Anne was adamant that when she travels, she wants authenticity. “I don’t want fancy. I want to eat what everyone else eats.” Her favourite Barbadian dishes include local street food, such as mahi, marlin and flying fish with “homemade hot sauce” and macaroni pie. One of her favourite places is Cuz’s Fish Shack at Pebbles beach.
“I’ve also been hanging out on the beach at Ju Ju’s. They have really good wine and delicious fried flying fish and some really yummy seared mahi-mahi and they played great local music for us on the beach. We all got a chance to let our hair down.”
I asked her whether she thought that the chefs at Ju Ju’s were intimidated to be serving her, to which she replied, “Oh no! This is what they do! Like it or leave it!”
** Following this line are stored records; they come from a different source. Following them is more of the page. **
(* Assume the setting below, that the spectral gap $\Delta$ is continuously differentiable on $[0,1]$ and satisfies the measure condition with constant $C>0$. Let $p\in(1,2)$ and let $u:[0,1]\to[0,1]$ be the schedule satisfying the power-law condition with exponent $p$, i.e. $u(0)=0$, $u(1)=1$ and $u'(s)=c_p\Delta^p(u(s))$ for $s\in[0,1]$, where $c_p=\int_0^1\Delta^{-p}(v)\,dv$. Then $$\mathcal{E}[u]\le B_0\,\Delta_*^{-1},$$ where $B_0$ is a finite constant depending only on $p$, $C$ and $A=\|H_1-H_0\|$ (one may take $B_0=2C_p+B_1+B_2$ with $C_p=\frac{Cp}{p-1}$, $B_1=\frac{2p^2AC^2(3-p)}{(p-1)(2-p)}$, $B_2=\frac{pAC^2(3-p)}{(p-1)(2-p)}$). Consequently $\eta(1)=\frac{c}{T}\mathcal{E}[u]=\mathcal{O}(\Delta_*^{-1})$.
   Context: $H_0,H_1$ are Hermitian $n\times n$ matrices; $\|\cdot\|$ is the operator norm; $A:=\|H_1-H_0\|$. For $u\in[0,1]$ let $H(u)=(1-u)H_0+uH_1$ with eigenvalues $\lambda_1(u)\le\lambda_2(u)\le\dots\le\lambda_n(u)$; assume $\lambda_1(u)$ is simple for every $u$, and define the spectral gap $\Delta(u)=\lambda_2(u)-\lambda_1(u)>0$ and $\Delta_*=\min_{u\in[0,1]}\Delta(u)>0$. Measure condition: $\Delta$ satisfies it with constant $C>0$ if for all $x>0$, $\mu(\{u\in[0,1]:\Delta(u)\le x\})\le Cx$ ($\mu$ Lebesgue measure). For a $C^2$ strictly increasing schedule $u:[0,1]\to[0,1]$ with $u(0)=0,u(1)=1$, set $H^{(k)}(s)=\frac{d^k}{ds^k}H(u(s))=(H_1-H_0)u^{(k)}(s)$ and define $$\mathcal{E}[u]=\frac{\|H^{(1)}(0)\|}{\Delta^2(u(0))}+\frac{\|H^{(1)}(1)\|}{\Delta^2(u(1))}+\int_0^1\Big(\frac{\|H^{(2)}(s)\|}{\Delta^2(u(s))}+\frac{\|H^{(1)}(s)\|^2}{\Delta^3(u(s))}\Big)ds;$$ the adiabatic error bound is $\eta(1)=\frac{c}{T}\mathcal{E}[u]$ with $T>0$ the runtime and $c$ a universal constant. *)

theory Defs
  imports "HOL-Analysis.Analysis"
begin
(* Evaluation for L <= M: the triple product sums over l, the convolution over k. *)
lemma double_sum_eval:
  fixes q :: complex
  assumes q: "norm q < 1" "q \<noteq> 0" and LM: "L \<le> M"
  shows "double_sum q L M
       = (-1) ^ L * (poch (- q) (q\<^sup>2) (M - L) / poch q (q\<^sup>2) (M - L))
         * poch (q\<^sup>2) (q ^ 4) L * poch (q\<^sup>2) (q ^ 4) M"
proof -
  define p n where "p = q\<^sup>2" and "n = M - L"
  define A B where "A = poch (- q) p" and "B = poch q p"
  define c where "c = - q * p ^ n"
  have p: "norm p < 1" using q(1) by (simp add: p_def norm_power power_less_one_iff)
  have A_split: "A (n + r) = A n * poch c p r" for r by (simp add: A_def c_def poch_add)
  have B_split: "B (n + r) = B n * poch (- c) p r" for r by (simp add: B_def c_def poch_add)
  have "B n \<noteq> 0" unfolding B_def by (rule poch_nonzero) (use q p in auto)
  have inner: "(\<Sum>l\<le>2 * M. qbinom p (2 * M) l * q ^ nat ((int L - int k + (int M - int l))\<^sup>2))
      = (A n)\<^sup>2 * (poch c p k * poch c p (2 * L - k))" if "k \<le> 2 * L" for k
  proof -
    have exponent: "int L - int k + (int M - int l) = int (L + M - k) - int l" for l
      using that LM by simp
    have "L + M - k \<le> 2 * M" using LM by simp
    then have "(\<Sum>l\<le>2 * M. qbinom p (2 * M) l * q ^ nat ((int L - int k + (int M - int l))\<^sup>2))
        = A (L + M - k) * A (2 * M - (L + M - k))"
      unfolding exponent p_def A_def by (rule finite_jacobi_triple_product[OF q])
    also have "\<dots> = A (n + (2 * L - k)) * A (n + k)"
      using that LM by (simp add: n_def)
    finally show ?thesis by (simp add: A_split power2_eq_square mult_ac)
  qed
  have "double_sum q L M
      = (\<Sum>k\<le>2 * L. (-1) ^ (L + k) * qbinom p (2 * L) k
          * (\<Sum>l\<le>2 * M. qbinom p (2 * M) l * q ^ nat ((int L - int k + (int M - int l))\<^sup>2)))"
    unfolding double_sum_def p_def by (simp add: sum_distrib_left mult_ac)
  also have "\<dots> = (\<Sum>k\<le>2 * L. (-1) ^ (L + k) * qbinom p (2 * L) k
          * ((A n)\<^sup>2 * (poch c p k * poch c p (2 * L - k))))"
    by (rule sum.cong) (simp_all add: inner)
  also have "\<dots> = (-1) ^ L * (A n)\<^sup>2
      * (\<Sum>k\<le>2 * L. (-1) ^ k * qbinom p (2 * L) k * poch c p k * poch c p (2 * L - k))"
    by (simp add: sum_distrib_left power_add mult_ac)
  also have "\<dots> = (-1) ^ L * (A n)\<^sup>2 * (poch (c\<^sup>2) (p\<^sup>2) L * poch p (p\<^sup>2) L)"
    using alternating_qbinom_convolution[OF p] by simp
  also have "\<dots> = (-1) ^ L * (A n / B n) * poch p (p\<^sup>2) L * (B M * A M)"
  proof -
    have "A M = A n * poch c p L" "B M = B n * poch (- c) p L"
      using A_split[of L] B_split[of L] LM by (simp_all add: n_def)
    then show ?thesis
      unfolding poch_square[of c p L] using \<open>B n \<noteq> 0\<close> by (simp add: power2_eq_square field_simps)
  qed
  also have "B M * A M = poch p (p\<^sup>2) M"
    using poch_square[of q p M] by (simp add: p_def A_def B_def)
  finally show ?thesis
    by (simp add: p_def A_def B_def n_def power_mult[symmetric])
qed

(* Closed form for all L, M, the case M < L following from the symmetry. *)
lemma double_sum_closed_form:
  fixes q :: complex
  assumes q: "norm q < 1" "q \<noteq> 0"
  shows "double_sum q L M
       = (-1) ^ M * (qpoch q (q\<^sup>2) (int L - int M) / qpoch (- q) (q\<^sup>2) (int L - int M))
         * poch (q\<^sup>2) (q ^ 4) L * poch (q\<^sup>2) (q ^ 4) M"
proof (cases "L \<le> M")
  case True
  define n where "n = M - L"
  have sign: "(-1 :: complex) ^ M * (-1) ^ n = (-1) ^ L"
    by (rule minus_one_power_parity[where d = n]) (use True in \<open>simp add: n_def\<close>)
  have "int L - int M = - int n" using True by (simp add: n_def)
  have "(-1) ^ M * (qpoch q (q\<^sup>2) (int L - int M) / qpoch (- q) (q\<^sup>2) (int L - int M))
      = (-1) ^ L * (poch (- q) (q\<^sup>2) n / poch q (q\<^sup>2) n)"
    unfolding \<open>int L - int M = - int n\<close> qpoch_negative_ratio[OF q] mult.assoc[symmetric] sign ..
  then show ?thesis
    unfolding double_sum_eval[OF q True] n_def by (simp only:)
next
  case False
  have "double_sum (- q) M L
      = (-1) ^ M * (poch q (q\<^sup>2) (L - M) / poch (- q) (q\<^sup>2) (L - M))
        * poch (q\<^sup>2) (q ^ 4) M * poch (q\<^sup>2) (q ^ 4) L"
    using double_sum_eval[of "- q" M L] q False by simp
  moreover have "int L - int M = int (L - M)" using False by simp
  ultimately show ?thesis
    unfolding double_sum_swap[of q L M] by (simp only: qpoch_of_nat mult_ac)
qed

theorem mainTheorem2:
  fixes q :: complex and L M :: nat
  assumes "norm q < 1" and "q \<noteq> 0"
  shows "(\<Sum>\<^sub>\<infinity>(i,j)\<in>(UNIV :: (int \<times> int) set).
            (-1) powi i * q ^ nat ((i + j)^2)
            * gauss_binom (q^2) (2 * int L) (int L - i)
            * gauss_binom (q^2) (2 * int M) (int M - j))
       = (-1) ^ M * (qpoch q (q^2) (int L - int M) / qpoch (-q) (q^2) (int L - int M))
         * qpoch (q^2) (q^4) (int L) * qpoch (q^2) (q^4) (int M)"
  unfolding infsum_eq_double_sum double_sum_closed_form[OF assms] qpoch_of_nat ..

end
While she was enjoying the West Coast beach café at Ju Ju’s with dear friend and Barbadian hotelier Ralph Taylor and his wife Stephanie, a local fisherman happened to be returning to shore with his most recent catch, an ample-sized mahi. Taylor purchased the fish, which was later prepared at his home by Anne herself, using her own signature recipe.
Anne certainly has a “catch your fish and eat it too” sort of attitude towards life. When asked to provide some words of counsel to creative individuals who are struggling to make a name for themselves in their chosen art form, she said, “Believe in yourself. If it’s right for you, you will find a way to make the money work. Be aggressive about what you believe in. Own what you do.”
Anne Burrell is unafraid— she is confident, kind, progressive and absolutely beautiful. She has an impeccable sense of style that is so fitting to her personality— beautiful knit dresses, caftans and linen that set off her trademark spiky blonde hair.
She is unpretentious and enjoys the simple pleasures of life, seeking out the true flavour and indigenous spice of the people and the places that she visits. This is why her infusions are so creative and unique. This is why we love Anne Burrell.
Braised Chicken with Pomegranate Molasses
Serves: 4 Time: About 45 minutes
Mise en Place
Extra virgin olive oil
4 cloves garlic, smashed
Crushed red pepper
8 chicken thighs, trimmed of excess skin
1 cup pomegranate molasses
1 cup chicken stock
1 thyme bundle
1 cup pomegranate seeds
1 bunch fresh chives, finely chopped
Preheat the oven to 350°F.
1 Coat a large sauté pan with olive oil, toss in 2 smashed garlic cloves and a pinch of crushed red pepper. Bring the pan to medium-high heat. When the garlic is golden and very aromatic, remove it and discard;—it has fulfilled its garlic destiny.
2 Season the chicken thighs with salt and place them skin side down in the pan. Don’t crowd the pan or the thighs will steam instead of brown—you may have to work in batches here, no worries. Brown the chicken thighs really well on both sides, about 6 to 8 minutes. Transfer the thighs to a baking sheet and reserve.
3 Ditch the oil from the pan and add ½ cup of the pomegranate molasses along with ¼ cup of chicken stock. Bring the mixture to a boil and let it evaporate by half—it should be slightly thick and syrupy.
4 Return the chicken to the pan, reduce the heat to medium, and cook in the sauce for 1 to 2 minutes on each side, or until it clings to the chicken in a yummy embrace.
5 Transfer the chicken to the baking sheet and roast for 10 to 12 minutes or until cooked through.
6 While the chicken roasts, add the remaining molasses, stock, and garlic to the pan along with the thyme bundle and a pinch of crushed red pepper. Taste and season with salt if needed. Bring to a boil and reduce to a simmer. Cook until the liquid is thick and syrupy. Discard the garlic cloves and thyme bundle.
7 Remove the chicken from the oven, transfer to a serving dish, drizzle with the sauce, and sprinkle with the pomegranate seeds and chives before serving.